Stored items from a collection
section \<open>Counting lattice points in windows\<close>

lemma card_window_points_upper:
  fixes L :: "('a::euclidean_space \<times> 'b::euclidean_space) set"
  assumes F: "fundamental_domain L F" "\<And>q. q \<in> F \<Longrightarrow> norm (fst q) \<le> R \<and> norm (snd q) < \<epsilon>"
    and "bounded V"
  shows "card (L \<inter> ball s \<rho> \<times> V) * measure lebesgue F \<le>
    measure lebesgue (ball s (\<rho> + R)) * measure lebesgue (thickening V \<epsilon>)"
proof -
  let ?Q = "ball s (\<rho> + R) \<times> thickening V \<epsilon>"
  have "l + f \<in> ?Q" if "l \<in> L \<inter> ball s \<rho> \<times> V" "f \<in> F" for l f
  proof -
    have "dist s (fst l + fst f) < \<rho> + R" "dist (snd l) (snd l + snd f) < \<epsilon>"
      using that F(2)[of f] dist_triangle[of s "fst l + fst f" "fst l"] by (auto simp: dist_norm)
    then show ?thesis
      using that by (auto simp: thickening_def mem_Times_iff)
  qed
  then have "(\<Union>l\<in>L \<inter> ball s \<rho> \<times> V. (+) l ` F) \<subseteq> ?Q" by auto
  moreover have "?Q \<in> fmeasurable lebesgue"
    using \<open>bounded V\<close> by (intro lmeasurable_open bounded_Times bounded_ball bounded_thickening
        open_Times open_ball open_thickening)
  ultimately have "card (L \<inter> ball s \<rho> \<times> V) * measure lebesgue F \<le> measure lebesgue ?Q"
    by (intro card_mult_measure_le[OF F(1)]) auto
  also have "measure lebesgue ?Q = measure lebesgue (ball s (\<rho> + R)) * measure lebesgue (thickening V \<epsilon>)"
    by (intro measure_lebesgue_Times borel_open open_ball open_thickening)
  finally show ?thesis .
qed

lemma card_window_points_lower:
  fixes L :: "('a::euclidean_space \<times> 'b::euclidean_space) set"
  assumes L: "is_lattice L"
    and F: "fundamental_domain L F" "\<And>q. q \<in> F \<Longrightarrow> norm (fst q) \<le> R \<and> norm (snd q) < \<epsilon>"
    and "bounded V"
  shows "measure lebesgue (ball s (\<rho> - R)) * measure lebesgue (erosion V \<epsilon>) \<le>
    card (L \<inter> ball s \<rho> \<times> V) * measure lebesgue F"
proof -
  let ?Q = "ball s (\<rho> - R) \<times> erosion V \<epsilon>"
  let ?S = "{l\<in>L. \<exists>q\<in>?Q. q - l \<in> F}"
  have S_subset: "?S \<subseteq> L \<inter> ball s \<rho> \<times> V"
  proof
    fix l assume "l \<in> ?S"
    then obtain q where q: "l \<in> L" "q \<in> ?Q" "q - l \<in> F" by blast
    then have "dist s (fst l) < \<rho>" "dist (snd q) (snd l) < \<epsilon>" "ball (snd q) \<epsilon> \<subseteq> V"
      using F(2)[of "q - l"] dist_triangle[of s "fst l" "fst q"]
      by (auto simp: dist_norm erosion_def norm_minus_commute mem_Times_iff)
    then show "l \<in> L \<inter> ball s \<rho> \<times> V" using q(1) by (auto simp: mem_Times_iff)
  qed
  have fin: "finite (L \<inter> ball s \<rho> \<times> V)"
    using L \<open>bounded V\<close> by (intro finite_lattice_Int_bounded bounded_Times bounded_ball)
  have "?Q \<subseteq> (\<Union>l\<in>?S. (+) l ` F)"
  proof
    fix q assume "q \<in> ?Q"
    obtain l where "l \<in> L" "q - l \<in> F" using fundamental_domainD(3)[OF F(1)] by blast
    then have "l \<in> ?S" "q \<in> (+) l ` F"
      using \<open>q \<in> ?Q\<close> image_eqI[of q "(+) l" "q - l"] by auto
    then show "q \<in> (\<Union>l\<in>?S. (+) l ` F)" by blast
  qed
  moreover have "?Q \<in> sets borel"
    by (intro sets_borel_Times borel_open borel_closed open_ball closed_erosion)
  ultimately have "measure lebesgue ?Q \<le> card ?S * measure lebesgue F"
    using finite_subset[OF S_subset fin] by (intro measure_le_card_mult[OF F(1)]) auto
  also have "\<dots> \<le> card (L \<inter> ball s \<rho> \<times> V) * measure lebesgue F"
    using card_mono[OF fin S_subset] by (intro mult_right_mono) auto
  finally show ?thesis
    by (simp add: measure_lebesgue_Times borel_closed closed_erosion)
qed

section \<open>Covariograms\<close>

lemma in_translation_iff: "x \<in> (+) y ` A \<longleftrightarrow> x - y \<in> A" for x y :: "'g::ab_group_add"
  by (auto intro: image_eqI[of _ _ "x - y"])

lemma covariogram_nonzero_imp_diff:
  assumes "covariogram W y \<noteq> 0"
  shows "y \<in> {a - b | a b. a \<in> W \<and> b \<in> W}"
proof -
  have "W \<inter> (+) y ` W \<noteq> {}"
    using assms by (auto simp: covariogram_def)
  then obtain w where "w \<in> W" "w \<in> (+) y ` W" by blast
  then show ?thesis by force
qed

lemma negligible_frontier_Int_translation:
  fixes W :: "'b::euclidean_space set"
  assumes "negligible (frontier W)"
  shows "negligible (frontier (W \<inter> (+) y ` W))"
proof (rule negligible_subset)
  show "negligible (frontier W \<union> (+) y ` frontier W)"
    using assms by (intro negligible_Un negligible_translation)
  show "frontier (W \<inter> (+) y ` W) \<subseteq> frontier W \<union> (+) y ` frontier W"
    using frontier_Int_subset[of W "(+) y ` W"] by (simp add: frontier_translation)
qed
--
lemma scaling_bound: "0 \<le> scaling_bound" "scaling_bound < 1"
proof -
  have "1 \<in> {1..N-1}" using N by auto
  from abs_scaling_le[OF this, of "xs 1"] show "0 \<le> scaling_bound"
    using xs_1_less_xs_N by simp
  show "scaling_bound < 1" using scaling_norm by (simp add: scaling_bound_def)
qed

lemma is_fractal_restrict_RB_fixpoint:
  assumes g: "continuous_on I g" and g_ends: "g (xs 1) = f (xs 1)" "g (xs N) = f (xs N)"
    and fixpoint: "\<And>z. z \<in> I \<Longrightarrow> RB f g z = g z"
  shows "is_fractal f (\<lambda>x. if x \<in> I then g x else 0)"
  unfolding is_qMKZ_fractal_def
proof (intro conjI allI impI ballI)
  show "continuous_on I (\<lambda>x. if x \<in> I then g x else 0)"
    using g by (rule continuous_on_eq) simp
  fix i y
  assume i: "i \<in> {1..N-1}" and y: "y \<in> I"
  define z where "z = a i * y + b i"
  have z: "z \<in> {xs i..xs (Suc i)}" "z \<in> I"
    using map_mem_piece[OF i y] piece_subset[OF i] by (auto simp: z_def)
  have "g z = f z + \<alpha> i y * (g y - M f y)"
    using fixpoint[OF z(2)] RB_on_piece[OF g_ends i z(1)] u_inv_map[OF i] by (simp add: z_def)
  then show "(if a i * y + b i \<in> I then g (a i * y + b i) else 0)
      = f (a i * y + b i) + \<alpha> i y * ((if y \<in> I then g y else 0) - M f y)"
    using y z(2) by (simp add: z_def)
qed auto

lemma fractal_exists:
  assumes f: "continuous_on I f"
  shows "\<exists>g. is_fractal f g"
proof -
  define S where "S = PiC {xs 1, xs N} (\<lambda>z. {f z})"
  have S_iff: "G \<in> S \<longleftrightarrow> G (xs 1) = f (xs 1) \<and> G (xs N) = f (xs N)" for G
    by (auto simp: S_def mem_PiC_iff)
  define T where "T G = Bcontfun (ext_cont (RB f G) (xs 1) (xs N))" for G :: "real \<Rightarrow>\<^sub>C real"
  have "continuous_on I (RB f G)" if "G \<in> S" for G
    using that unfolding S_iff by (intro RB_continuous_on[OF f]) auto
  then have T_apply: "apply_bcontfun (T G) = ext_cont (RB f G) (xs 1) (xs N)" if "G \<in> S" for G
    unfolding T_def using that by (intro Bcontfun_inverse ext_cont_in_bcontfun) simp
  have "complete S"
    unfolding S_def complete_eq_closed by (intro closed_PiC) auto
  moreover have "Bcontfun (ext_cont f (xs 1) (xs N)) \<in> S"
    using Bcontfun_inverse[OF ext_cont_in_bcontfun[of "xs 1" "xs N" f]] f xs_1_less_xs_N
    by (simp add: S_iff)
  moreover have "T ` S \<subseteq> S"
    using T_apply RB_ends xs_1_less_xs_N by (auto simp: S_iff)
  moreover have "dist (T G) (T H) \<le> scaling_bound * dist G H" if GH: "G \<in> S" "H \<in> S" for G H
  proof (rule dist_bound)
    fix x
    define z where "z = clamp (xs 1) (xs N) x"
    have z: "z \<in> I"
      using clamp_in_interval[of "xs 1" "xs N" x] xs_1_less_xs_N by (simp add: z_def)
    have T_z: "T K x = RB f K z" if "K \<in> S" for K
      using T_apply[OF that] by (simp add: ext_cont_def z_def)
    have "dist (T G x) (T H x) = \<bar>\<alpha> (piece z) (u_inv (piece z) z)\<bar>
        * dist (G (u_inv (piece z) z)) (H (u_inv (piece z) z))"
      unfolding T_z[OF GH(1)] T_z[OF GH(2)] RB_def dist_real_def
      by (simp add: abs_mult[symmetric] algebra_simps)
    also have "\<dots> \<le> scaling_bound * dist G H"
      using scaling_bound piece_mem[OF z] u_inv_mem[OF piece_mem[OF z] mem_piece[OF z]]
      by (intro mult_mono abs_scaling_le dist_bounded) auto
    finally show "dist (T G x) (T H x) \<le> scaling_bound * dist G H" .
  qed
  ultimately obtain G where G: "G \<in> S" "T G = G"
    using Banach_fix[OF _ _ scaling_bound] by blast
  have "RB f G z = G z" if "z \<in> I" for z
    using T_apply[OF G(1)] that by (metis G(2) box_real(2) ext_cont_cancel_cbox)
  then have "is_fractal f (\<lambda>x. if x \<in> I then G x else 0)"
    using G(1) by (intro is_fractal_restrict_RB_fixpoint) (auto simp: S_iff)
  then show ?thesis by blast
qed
==
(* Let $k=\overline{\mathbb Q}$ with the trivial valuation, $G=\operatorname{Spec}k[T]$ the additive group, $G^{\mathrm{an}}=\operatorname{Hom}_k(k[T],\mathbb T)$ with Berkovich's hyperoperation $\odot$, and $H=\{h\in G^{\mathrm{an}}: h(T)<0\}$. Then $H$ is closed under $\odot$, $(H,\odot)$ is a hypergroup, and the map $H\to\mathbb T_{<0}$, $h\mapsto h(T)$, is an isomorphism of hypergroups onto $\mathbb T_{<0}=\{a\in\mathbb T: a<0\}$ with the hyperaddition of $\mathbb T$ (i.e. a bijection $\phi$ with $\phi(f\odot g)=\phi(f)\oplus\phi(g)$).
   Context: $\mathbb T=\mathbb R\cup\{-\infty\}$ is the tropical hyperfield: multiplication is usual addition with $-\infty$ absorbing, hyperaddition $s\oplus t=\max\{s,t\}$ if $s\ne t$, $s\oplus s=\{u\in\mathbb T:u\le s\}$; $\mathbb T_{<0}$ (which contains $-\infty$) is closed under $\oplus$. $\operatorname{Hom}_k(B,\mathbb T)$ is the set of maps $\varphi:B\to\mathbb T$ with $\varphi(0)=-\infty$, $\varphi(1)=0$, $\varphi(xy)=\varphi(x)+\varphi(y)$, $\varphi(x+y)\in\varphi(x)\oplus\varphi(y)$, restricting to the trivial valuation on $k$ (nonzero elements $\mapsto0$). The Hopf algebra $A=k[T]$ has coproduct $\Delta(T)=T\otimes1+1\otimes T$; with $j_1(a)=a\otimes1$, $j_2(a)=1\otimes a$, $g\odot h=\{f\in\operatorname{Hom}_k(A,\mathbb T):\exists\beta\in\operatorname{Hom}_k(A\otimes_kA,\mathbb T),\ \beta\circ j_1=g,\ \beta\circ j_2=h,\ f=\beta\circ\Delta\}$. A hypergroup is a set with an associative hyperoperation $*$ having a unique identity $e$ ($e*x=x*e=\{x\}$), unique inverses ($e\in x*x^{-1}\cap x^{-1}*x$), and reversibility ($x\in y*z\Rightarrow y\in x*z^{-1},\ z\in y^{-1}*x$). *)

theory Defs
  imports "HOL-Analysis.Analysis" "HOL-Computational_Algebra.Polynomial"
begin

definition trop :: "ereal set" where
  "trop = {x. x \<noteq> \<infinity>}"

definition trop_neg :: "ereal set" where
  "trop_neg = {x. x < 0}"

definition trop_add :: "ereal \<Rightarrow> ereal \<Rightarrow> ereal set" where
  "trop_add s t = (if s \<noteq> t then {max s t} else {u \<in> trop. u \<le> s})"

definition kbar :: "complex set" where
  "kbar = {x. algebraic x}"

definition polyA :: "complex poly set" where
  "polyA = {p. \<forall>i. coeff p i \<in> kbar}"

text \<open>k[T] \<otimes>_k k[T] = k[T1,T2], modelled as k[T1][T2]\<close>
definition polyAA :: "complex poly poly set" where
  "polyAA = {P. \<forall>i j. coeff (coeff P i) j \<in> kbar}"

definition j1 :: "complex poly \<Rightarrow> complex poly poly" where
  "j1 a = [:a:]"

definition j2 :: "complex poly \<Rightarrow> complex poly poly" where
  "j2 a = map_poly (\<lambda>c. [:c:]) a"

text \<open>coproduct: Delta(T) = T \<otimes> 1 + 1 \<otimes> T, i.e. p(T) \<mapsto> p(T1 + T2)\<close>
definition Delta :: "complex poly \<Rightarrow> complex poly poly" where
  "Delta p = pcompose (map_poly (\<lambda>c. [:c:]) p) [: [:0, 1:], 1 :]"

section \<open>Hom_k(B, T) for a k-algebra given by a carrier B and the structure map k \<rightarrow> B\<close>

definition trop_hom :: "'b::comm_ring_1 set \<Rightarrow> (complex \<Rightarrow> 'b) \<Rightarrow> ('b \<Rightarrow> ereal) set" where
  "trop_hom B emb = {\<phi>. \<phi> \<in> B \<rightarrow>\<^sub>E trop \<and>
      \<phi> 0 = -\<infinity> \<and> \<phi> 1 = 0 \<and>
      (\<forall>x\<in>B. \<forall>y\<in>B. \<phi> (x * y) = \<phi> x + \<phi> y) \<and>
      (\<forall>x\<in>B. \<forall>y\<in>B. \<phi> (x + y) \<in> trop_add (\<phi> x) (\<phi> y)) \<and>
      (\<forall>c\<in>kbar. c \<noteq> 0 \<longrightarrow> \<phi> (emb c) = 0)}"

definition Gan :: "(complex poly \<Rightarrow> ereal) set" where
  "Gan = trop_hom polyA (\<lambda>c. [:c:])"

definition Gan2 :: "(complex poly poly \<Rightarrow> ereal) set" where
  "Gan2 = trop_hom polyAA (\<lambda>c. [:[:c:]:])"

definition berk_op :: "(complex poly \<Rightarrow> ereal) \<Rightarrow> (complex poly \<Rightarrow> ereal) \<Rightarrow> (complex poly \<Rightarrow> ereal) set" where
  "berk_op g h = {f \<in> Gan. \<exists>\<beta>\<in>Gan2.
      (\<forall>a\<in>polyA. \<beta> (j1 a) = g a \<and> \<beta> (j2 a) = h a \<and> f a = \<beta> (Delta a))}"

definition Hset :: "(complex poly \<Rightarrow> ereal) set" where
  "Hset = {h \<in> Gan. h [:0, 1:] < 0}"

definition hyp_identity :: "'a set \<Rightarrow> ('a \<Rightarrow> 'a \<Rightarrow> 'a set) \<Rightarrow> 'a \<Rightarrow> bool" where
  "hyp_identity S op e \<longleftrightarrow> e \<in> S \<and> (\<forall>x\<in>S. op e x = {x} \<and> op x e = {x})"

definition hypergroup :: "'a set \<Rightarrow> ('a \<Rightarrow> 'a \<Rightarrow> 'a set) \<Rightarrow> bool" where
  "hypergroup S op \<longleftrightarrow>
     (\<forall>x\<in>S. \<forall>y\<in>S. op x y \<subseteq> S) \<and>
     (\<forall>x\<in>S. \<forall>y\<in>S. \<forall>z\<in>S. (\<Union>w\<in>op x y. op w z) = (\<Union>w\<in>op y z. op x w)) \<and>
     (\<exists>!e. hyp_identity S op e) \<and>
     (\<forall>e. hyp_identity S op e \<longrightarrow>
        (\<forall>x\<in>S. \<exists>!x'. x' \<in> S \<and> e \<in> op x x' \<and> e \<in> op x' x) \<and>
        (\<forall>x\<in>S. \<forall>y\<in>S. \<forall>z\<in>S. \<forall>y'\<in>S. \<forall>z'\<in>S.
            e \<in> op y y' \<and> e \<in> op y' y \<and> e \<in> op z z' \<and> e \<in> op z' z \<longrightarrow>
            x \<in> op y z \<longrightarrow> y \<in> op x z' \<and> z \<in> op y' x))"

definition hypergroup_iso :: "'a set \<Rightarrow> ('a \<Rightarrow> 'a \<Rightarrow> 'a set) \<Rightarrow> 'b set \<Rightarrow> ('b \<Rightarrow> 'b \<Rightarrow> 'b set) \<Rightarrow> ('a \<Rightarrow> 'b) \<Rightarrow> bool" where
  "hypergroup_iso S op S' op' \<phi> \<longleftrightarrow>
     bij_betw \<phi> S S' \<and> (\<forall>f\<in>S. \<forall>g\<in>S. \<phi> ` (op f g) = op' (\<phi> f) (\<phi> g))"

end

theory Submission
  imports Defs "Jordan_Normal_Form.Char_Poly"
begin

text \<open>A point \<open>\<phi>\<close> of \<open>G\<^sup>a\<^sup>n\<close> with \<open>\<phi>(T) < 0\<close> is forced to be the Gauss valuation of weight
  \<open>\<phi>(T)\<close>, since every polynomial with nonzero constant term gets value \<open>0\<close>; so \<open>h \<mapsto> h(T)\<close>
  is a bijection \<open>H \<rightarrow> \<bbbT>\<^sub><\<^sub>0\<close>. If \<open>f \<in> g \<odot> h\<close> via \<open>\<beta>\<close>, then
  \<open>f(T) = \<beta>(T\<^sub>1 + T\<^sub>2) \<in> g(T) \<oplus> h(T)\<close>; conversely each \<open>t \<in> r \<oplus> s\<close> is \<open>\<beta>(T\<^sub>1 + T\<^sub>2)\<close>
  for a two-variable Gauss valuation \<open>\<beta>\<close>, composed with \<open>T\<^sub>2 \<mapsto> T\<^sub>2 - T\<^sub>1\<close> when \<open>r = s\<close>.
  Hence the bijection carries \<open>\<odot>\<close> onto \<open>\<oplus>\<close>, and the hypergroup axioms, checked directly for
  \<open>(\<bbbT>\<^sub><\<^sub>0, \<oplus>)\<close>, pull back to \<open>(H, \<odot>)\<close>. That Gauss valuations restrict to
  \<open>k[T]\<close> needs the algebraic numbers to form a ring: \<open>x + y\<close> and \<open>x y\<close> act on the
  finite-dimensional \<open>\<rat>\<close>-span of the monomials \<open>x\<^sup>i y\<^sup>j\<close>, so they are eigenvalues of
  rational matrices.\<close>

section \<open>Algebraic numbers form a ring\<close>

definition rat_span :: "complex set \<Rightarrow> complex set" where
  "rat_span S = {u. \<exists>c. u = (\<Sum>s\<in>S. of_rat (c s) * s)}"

• TASK GOAL
Wherever the string "Gauss" occurs in the data, copy the line that holds it.

• ANSWER FOR THE TASK
text \<open>A point \<open>\<phi>\<close> of \<open>G\<^sup>a\<^sup>n\<close> with \<open>\<phi>(T) < 0\<close> is forced to be the Gauss valuation of weight
  for a two-variable Gauss valuation \<open>\<beta>\<close>, composed with \<open>T\<^sub>2 \<mapsto> T\<^sub>2 - T\<^sub>1\<close> when \<open>r = s\<close>.
  \<open>(\<bbbT>\<^sub><\<^sub>0, \<oplus>)\<close>, pull back to \<open>(H, \<odot>)\<close>. That Gauss valuations restrict to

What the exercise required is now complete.